**WHAT THIS TASK INVOLVES**
Begin at the first line below and copy each line exactly, ending with the line where "unfolding bump_def by auto" appears.
··· MATERIAL TO PROCESS ···
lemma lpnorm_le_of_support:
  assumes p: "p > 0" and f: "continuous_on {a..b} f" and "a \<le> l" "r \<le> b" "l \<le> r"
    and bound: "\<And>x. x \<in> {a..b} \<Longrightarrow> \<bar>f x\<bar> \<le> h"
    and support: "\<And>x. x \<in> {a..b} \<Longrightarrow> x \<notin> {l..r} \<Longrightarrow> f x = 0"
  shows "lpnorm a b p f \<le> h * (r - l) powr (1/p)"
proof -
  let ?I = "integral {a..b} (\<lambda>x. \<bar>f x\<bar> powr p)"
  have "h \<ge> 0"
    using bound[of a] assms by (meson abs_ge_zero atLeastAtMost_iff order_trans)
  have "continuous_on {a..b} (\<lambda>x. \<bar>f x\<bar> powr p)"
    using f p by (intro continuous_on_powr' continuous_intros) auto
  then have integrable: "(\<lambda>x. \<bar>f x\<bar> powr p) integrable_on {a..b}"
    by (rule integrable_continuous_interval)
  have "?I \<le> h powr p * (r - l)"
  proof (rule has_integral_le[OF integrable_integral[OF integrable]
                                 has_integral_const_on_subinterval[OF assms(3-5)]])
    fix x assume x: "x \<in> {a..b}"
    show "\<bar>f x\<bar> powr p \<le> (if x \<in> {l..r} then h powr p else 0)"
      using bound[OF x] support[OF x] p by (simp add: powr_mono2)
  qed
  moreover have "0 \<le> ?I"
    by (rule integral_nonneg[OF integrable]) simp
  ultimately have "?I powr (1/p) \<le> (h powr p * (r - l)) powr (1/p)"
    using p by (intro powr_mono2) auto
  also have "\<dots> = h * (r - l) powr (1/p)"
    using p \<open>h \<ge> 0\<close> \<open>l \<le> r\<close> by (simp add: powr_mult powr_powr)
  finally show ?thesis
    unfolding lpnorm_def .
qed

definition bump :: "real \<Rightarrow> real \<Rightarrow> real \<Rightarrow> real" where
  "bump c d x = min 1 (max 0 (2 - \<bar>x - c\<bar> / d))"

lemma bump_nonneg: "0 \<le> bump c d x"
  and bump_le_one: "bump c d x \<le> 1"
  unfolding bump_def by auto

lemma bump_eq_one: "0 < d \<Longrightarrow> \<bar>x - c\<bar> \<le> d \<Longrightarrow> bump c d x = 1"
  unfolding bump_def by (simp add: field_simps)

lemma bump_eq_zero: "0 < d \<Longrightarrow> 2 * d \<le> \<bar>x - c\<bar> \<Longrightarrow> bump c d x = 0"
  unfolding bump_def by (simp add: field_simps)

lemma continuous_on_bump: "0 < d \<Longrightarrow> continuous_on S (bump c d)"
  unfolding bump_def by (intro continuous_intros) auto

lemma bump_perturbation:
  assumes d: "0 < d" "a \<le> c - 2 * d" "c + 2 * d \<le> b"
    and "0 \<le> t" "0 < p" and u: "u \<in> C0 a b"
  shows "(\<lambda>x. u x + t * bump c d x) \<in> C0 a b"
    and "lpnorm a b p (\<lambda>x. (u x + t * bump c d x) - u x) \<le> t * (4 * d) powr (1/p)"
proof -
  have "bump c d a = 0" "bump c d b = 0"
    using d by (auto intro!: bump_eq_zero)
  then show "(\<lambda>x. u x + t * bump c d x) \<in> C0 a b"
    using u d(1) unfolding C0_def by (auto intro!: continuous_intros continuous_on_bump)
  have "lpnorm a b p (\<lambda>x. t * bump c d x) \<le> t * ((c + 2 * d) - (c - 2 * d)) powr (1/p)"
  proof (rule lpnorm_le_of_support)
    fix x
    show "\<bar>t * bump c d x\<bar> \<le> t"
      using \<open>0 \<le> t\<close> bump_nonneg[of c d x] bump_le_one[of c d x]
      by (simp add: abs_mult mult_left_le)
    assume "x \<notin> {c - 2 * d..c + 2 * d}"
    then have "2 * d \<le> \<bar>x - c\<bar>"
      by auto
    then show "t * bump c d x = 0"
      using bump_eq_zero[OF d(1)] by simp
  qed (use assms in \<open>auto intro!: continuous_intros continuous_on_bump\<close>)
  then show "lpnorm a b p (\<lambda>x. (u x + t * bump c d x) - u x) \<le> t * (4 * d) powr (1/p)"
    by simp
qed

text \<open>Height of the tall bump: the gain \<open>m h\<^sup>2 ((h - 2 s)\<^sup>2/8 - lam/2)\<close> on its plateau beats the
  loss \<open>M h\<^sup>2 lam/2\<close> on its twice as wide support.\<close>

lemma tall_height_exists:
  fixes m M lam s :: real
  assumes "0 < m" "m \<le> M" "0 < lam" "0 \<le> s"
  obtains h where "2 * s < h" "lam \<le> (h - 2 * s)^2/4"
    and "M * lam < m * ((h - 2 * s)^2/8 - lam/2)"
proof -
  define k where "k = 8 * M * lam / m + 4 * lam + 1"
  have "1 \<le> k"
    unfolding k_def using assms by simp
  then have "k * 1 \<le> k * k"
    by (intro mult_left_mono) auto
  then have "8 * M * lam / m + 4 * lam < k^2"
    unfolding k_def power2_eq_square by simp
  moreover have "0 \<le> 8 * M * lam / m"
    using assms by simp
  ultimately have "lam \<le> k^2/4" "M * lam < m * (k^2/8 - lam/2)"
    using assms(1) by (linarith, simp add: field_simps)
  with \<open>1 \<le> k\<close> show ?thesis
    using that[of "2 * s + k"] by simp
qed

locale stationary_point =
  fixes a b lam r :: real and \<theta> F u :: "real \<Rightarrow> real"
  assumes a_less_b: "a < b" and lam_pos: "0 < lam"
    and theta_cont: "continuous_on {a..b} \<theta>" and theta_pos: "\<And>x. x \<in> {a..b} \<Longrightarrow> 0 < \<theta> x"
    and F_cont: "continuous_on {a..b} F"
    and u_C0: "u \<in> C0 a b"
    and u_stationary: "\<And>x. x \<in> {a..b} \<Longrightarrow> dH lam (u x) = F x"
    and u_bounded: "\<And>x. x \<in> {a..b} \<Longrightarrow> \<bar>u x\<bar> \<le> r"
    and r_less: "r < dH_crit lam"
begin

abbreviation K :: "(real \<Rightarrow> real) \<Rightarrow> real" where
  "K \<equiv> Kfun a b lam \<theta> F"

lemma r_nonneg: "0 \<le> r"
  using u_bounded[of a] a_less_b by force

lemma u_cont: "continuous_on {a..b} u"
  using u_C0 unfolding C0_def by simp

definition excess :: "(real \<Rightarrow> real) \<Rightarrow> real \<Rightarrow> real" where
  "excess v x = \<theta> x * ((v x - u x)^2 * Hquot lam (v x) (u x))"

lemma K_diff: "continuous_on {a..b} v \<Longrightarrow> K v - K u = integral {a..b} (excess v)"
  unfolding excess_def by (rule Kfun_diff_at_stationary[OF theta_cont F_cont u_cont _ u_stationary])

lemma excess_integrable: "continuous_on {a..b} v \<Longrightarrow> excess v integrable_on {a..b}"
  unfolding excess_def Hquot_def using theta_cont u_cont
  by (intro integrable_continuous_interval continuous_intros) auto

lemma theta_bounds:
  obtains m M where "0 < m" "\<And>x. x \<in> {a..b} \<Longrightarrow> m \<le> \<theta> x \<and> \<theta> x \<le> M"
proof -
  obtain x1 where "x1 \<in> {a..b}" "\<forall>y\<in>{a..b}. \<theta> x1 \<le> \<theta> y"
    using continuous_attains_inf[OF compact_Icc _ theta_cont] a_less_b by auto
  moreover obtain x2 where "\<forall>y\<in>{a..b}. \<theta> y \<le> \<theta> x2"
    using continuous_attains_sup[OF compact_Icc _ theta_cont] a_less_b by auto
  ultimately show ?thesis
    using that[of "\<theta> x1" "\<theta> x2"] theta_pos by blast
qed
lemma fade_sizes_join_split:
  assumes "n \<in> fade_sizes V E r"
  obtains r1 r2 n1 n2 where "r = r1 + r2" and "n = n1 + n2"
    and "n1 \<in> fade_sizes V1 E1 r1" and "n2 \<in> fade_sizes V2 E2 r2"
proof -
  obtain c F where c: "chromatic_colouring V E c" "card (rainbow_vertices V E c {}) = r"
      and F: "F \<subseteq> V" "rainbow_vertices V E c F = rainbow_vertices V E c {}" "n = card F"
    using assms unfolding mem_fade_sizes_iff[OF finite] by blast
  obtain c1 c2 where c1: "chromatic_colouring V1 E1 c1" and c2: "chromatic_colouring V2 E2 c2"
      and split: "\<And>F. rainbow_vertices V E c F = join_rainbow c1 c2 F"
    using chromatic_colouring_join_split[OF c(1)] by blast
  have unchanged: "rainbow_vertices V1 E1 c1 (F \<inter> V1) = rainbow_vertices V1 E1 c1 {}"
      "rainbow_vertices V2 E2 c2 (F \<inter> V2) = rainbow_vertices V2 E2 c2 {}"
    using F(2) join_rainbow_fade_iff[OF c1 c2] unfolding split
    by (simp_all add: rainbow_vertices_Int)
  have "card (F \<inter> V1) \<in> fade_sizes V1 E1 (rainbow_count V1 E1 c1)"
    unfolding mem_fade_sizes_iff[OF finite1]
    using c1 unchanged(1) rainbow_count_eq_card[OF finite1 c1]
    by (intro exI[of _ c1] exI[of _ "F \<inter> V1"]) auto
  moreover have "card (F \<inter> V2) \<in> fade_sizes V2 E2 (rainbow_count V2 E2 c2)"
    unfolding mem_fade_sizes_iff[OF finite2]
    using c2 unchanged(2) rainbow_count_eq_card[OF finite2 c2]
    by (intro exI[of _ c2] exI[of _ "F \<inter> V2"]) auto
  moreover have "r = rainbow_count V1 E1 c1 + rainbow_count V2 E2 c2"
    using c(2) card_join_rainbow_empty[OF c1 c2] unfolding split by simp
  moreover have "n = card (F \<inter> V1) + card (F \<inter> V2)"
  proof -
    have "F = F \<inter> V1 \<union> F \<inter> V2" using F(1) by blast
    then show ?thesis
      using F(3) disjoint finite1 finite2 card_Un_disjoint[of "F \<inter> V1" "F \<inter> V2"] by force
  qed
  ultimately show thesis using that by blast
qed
···
**TASK ANSWER**
lemma lpnorm_le_of_support:
  assumes p: "p > 0" and f: "continuous_on {a..b} f" and "a \<le> l" "r \<le> b" "l \<le> r"
    and bound: "\<And>x. x \<in> {a..b} \<Longrightarrow> \<bar>f x\<bar> \<le> h"
    and support: "\<And>x. x \<in> {a..b} \<Longrightarrow> x \<notin> {l..r} \<Longrightarrow> f x = 0"
  shows "lpnorm a b p f \<le> h * (r - l) powr (1/p)"
proof -
  let ?I = "integral {a..b} (\<lambda>x. \<bar>f x\<bar> powr p)"
  have "h \<ge> 0"
    using bound[of a] assms by (meson abs_ge_zero atLeastAtMost_iff order_trans)
  have "continuous_on {a..b} (\<lambda>x. \<bar>f x\<bar> powr p)"
    using f p by (intro continuous_on_powr' continuous_intros) auto
  then have integrable: "(\<lambda>x. \<bar>f x\<bar> powr p) integrable_on {a..b}"
    by (rule integrable_continuous_interval)
  have "?I \<le> h powr p * (r - l)"
  proof (rule has_integral_le[OF integrable_integral[OF integrable]
                                 has_integral_const_on_subinterval[OF assms(3-5)]])
    fix x assume x: "x \<in> {a..b}"
    show "\<bar>f x\<bar> powr p \<le> (if x \<in> {l..r} then h powr p else 0)"
      using bound[OF x] support[OF x] p by (simp add: powr_mono2)
  qed
  moreover have "0 \<le> ?I"
    by (rule integral_nonneg[OF integrable]) simp
  ultimately have "?I powr (1/p) \<le> (h powr p * (r - l)) powr (1/p)"
    using p by (intro powr_mono2) auto
  also have "\<dots> = h * (r - l) powr (1/p)"
    using p \<open>h \<ge> 0\<close> \<open>l \<le> r\<close> by (simp add: powr_mult powr_powr)
  finally show ?thesis
    unfolding lpnorm_def .
qed

definition bump :: "real \<Rightarrow> real \<Rightarrow> real \<Rightarrow> real" where
  "bump c d x = min 1 (max 0 (2 - \<bar>x - c\<bar> / d))"

lemma bump_nonneg: "0 \<le> bump c d x"
  and bump_le_one: "bump c d x \<le> 1"
  unfolding bump_def by auto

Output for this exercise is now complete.